• [YOUR TASK]
Copy out all lines from the entries below in which "obtain" occurs.

### DATA EXCERPTS ###

text \<open>The minimum of the quadratic form on the unit sphere is an eigenvalue: at a minimiser u,
  perturbing u in the direction of the residual r = A u - \<mu> u changes the form to first order
  by 2 s (r \<bullet> r), which must therefore vanish.\<close>
lemma symmetric_matrix_has_eigenvalue_below_quadratic_form:
  fixes A :: "real^'n^'n"
  assumes sym: "transpose A = A"
  shows "\<exists>\<mu>. is_eigenvalue A \<mu> \<and> (\<forall>x. \<mu> * (norm x)\<^sup>2 \<le> x \<bullet> (A *v x))"
proof -
  define q where "q x = x \<bullet> (A *v x)" for x :: "real^'n"
  have "continuous_on (sphere 0 1) q" unfolding q_def
    by (intro continuous_intros linear_continuous_on) auto
  moreover have "sphere (0::real^'n) 1 \<noteq> {}" using vector_choose_size[of 1] by auto
  ultimately obtain u where u: "norm u = 1" and u_min: "\<And>y. norm y = 1 \<Longrightarrow> q u \<le> q y"
    using continuous_attains_inf[OF compact_sphere] by (metis dist_0_norm mem_sphere)
  define \<mu> where "\<mu> = q u"
  have low: "\<mu> * (norm x)\<^sup>2 \<le> q x" for x
  proof (cases "x = 0")
    case False
    have "\<mu> \<le> q ((1 / norm x) *\<^sub>R x)" using False u_min \<mu>_def by simp
    also have "\<dots> = q x / (norm x)\<^sup>2"
      by (simp add: q_def matrix_vector_mult_scaleR power2_eq_square divide_inverse)
    finally show ?thesis using False by (simp add: field_simps)
  qed (simp add: q_def)
  define r where "r = A *v u - \<mu> *\<^sub>R u"
  have "0 \<le> s * (2 * (r \<bullet> r)) + s\<^sup>2 * (q r - \<mu> * (norm r)\<^sup>2)" for s
  proof -
    have "q (u + s *\<^sub>R r) = q u + 2 * s * (r \<bullet> (A *v u)) + s\<^sup>2 * q r"
      using symmetric_matrix_inner_commute[OF sym, of r u] unfolding q_def
      by (simp add: matrix_vector_right_distrib matrix_vector_mult_scaleR inner_add_left
          inner_add_right power2_eq_square algebra_simps inner_commute)
    moreover have "(norm (u + s *\<^sub>R r))\<^sup>2 = 1 + 2 * s * (u \<bullet> r) + s\<^sup>2 * (norm r)\<^sup>2"
    proof -
      have "u \<bullet> u = 1" using u by (simp add: dot_square_norm)
      then show ?thesis unfolding power2_norm_eq_inner
        by (simp add: inner_add_left inner_add_right power2_eq_square algebra_simps inner_commute)
    qed
    moreover have "r \<bullet> (A *v u) - \<mu> * (u \<bullet> r) = r \<bullet> r"
      by (simp add: r_def inner_diff_left inner_diff_right inner_commute algebra_simps)
    ultimately show ?thesis
      using low[of "u + s *\<^sub>R r"] by (simp add: \<mu>_def algebra_simps)
  qed
  then have "2 * (r \<bullet> r) = 0" by (rule nonneg_quadratic_imp_linear_coeff_zero)
  then have "A *v u = \<mu> *\<^sub>R u" by (simp add: r_def)
  moreover have "u \<noteq> 0" using u by auto
  ultimately show ?thesis using low unfolding is_eigenvalue_def q_def by blast
qed

lemma lambda_min_mult_norm_square_le:
  fixes A :: "real^'n^'n"
  assumes sym: "transpose A = A"
  shows "lambda_min A * (norm x)\<^sup>2 \<le> x \<bullet> (A *v x)"
proof -
  obtain \<mu> where \<mu>: "is_eigenvalue A \<mu>" "\<And>x. \<mu> * (norm x)\<^sup>2 \<le> x \<bullet> (A *v x)"
    using symmetric_matrix_has_eigenvalue_below_quadratic_form[OF sym] by blast
  have "lambda_min A \<le> \<mu>" unfolding lambda_min_def
    using finite_eigenvalues_symmetric[OF sym] \<mu>(1) by (intro Min_le) auto
  then have "lambda_min A * (norm x)\<^sup>2 \<le> \<mu> * (norm x)\<^sup>2" by (intro mult_right_mono) auto
  then show ?thesis using \<mu>(2)[of x] by linarith
qed

lemma outer_mult_vector: "outer v *v x = (v \<bullet> x) *\<^sub>R v"
  by (simp add: vec_eq_iff outer_def matrix_vector_mult_def inner_vec_def sum_distrib_left algebra_simps)

lemma sum_matrix_vector_mult:
  fixes A :: "'b \<Rightarrow> real^'n^'m"
  shows "finite S \<Longrightarrow> (\<Sum>t\<in>S. A t) *v x = (\<Sum>t\<in>S. A t *v x)"
  by (induct rule: finite_induct) (auto simp: matrix_vector_mult_add_rdistrib)

lemma Wmat_quadratic_form:
  "x \<bullet> (Wmat T w *v x) = (1 / real T) * (\<Sum>t\<in>{1..int T}. (w t \<bullet> x)\<^sup>2)"
  by (simp add: Wmat_def scaleR_matrix_vector_assoc[symmetric] sum_matrix_vector_mult outer_mult_vector
      inner_sum_right power2_eq_square inner_commute)

lemma transpose_Wmat: "transpose (Wmat T w) = Wmat T w"
  by (simp add: vec_eq_iff transpose_def Wmat_def outer_def mult.commute)

section \<open>Strongly monotone variational inequalities\<close>

lemma strongly_monotone_weak_solution_dist_le:
  fixes F :: "'v::real_inner \<Rightarrow> 'v"
  assumes "convex \<Theta>" and "\<theta>s \<in> \<Theta>" and "\<theta>h \<in> \<Theta>"
    and strong: "\<And>a b. a \<in> \<Theta> \<Longrightarrow> b \<in> \<Theta> \<Longrightarrow> \<kappa> * (norm (a - b))\<^sup>2 \<le> (F a - F b) \<bullet> (a - b)"
    and weak: "\<And>\<theta>. \<theta> \<in> \<Theta> \<Longrightarrow> 0 \<le> F \<theta> \<bullet> (\<theta> - \<theta>h)"
  shows "\<kappa> * norm (\<theta>h - \<theta>s) \<le> norm (F \<theta>s)"
proof -
  define D where "D = \<theta>s - \<theta>h"
  have "z * (\<kappa> * (norm D)\<^sup>2) \<le> F \<theta>s \<bullet> D" if z: "0 < z" "z < 1" for z
  proof -
    define \<theta> where "\<theta> = \<theta>s - z *\<^sub>R D"
    have "\<theta> = z *\<^sub>R \<theta>h + (1 - z) *\<^sub>R \<theta>s" by (simp add: \<theta>_def D_def algebra_simps)
    then have \<theta>: "\<theta> \<in> \<Theta>" using assms(1-3) z by (simp add: convexD)
    have "0 \<le> F \<theta> \<bullet> ((1 - z) *\<^sub>R D)"
      using weak[OF \<theta>] by (simp add: \<theta>_def D_def algebra_simps)
    then have "0 \<le> F \<theta> \<bullet> D" using z by (simp add: zero_le_mult_iff)
    have "z * (z * (\<kappa> * (norm D)\<^sup>2)) = \<kappa> * (norm (\<theta>s - \<theta>))\<^sup>2"
      using z by (simp add: \<theta>_def power2_eq_square)
    also have "\<dots> \<le> (F \<theta>s - F \<theta>) \<bullet> (\<theta>s - \<theta>)" by (rule strong[OF assms(2) \<theta>])
    also have "\<dots> = z * (F \<theta>s \<bullet> D - F \<theta> \<bullet> D)" by (simp add: \<theta>_def inner_diff_left)
    also have "\<dots> \<le> z * (F \<theta>s \<bullet> D)" using \<open>0 \<le> F \<theta> \<bullet> D\<close> z by (simp add: mult_left_mono)
    finally show ?thesis using z by simp
  qed
  then have "\<kappa> * (norm D)\<^sup>2 \<le> F \<theta>s \<bullet> D" by (rule field_le_mult_one_interval)
  also have "\<dots> \<le> norm (F \<theta>s) * norm D" by (rule norm_cauchy_schwarz)
  finally have "\<kappa> * norm D * norm D \<le> norm (F \<theta>s) * norm D" by (simp add: power2_eq_square)
  then show ?thesis
    by (cases "D = 0") (simp_all add: D_def norm_minus_commute)
qed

###

• [REPLY TO THE EXERCISE]
  ultimately obtain u where u: "norm u = 1" and u_min: "\<And>y. norm y = 1 \<Longrightarrow> q u \<le> q y"
  obtain \<mu> where \<mu>: "is_eigenvalue A \<mu>" "\<And>x. \<mu> * (norm x)\<^sup>2 \<le> x \<bullet> (A *v x)"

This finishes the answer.